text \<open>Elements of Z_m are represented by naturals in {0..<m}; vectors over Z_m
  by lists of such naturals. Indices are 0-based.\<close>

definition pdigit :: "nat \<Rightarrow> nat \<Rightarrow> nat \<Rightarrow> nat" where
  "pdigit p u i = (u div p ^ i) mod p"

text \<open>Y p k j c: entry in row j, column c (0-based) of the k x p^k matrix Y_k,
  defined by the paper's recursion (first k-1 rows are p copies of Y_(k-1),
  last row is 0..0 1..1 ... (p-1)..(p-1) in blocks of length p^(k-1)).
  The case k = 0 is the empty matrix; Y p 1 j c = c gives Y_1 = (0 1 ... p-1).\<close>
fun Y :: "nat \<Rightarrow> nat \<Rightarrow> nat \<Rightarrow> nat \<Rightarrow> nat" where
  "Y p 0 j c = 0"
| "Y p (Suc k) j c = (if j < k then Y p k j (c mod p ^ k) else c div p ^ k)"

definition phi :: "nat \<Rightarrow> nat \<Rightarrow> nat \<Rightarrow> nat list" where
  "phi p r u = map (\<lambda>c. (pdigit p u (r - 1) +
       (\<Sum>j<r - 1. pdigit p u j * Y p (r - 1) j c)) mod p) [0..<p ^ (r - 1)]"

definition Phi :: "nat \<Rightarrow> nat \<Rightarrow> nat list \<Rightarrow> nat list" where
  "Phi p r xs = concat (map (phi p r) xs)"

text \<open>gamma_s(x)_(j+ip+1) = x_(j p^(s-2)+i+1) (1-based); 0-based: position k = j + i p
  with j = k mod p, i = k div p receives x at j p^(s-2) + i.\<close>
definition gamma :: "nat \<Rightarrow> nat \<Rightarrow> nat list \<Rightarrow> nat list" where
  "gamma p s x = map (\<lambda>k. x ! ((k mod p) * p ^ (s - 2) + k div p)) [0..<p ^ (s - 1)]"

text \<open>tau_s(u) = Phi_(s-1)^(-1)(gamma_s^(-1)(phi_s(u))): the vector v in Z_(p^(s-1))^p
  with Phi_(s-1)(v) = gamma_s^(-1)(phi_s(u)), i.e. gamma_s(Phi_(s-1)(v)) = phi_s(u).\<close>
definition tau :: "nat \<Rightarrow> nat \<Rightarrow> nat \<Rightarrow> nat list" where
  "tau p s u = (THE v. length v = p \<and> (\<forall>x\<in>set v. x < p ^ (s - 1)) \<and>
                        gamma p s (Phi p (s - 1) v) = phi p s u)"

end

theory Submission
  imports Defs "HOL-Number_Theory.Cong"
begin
::::
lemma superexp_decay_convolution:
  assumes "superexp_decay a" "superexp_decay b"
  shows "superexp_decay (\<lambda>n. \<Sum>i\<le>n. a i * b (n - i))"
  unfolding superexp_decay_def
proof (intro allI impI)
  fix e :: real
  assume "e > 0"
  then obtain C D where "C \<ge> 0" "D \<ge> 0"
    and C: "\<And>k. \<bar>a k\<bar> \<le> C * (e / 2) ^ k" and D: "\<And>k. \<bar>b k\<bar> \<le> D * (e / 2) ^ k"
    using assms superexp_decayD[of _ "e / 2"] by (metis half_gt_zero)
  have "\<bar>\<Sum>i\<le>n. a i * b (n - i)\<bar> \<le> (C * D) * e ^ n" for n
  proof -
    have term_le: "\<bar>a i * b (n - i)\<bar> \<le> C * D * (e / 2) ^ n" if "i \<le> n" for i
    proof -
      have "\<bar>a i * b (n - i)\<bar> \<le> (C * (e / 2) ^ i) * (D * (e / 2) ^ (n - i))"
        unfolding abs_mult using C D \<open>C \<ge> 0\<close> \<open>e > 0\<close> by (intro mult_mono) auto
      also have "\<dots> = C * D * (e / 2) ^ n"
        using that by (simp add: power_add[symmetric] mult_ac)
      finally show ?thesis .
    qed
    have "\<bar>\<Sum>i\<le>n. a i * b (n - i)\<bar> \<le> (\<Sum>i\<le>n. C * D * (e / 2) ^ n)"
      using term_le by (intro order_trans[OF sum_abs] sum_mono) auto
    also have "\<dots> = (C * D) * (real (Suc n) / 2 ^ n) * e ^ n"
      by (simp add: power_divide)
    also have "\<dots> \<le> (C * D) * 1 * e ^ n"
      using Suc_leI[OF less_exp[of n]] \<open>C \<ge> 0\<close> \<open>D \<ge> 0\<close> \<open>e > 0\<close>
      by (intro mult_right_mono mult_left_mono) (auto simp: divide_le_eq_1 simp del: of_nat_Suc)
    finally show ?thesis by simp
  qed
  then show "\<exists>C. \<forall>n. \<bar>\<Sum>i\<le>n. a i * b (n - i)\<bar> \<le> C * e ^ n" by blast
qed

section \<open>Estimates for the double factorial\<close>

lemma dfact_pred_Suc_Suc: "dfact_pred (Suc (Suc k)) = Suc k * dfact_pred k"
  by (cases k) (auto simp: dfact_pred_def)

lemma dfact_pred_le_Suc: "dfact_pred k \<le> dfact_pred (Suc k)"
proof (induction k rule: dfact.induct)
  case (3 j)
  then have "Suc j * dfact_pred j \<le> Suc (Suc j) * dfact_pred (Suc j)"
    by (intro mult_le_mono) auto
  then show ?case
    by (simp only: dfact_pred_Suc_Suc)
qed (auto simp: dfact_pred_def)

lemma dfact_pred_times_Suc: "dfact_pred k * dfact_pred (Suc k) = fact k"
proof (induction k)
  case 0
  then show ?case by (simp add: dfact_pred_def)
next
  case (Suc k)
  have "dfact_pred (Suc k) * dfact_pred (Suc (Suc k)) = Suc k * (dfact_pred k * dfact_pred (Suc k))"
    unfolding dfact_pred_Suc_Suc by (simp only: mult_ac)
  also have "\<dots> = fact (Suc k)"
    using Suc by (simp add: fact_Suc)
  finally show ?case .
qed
::::
# Aim of the exercise:
Your task is to copy each line of the material that contains the word "unfolding".

# Response to this exercise:
  unfolding superexp_decay_def
        unfolding abs_mult using C D \<open>C \<ge> 0\<close> \<open>e > 0\<close> by (intro mult_mono) auto
    unfolding dfact_pred_Suc_Suc by (simp only: mult_ac)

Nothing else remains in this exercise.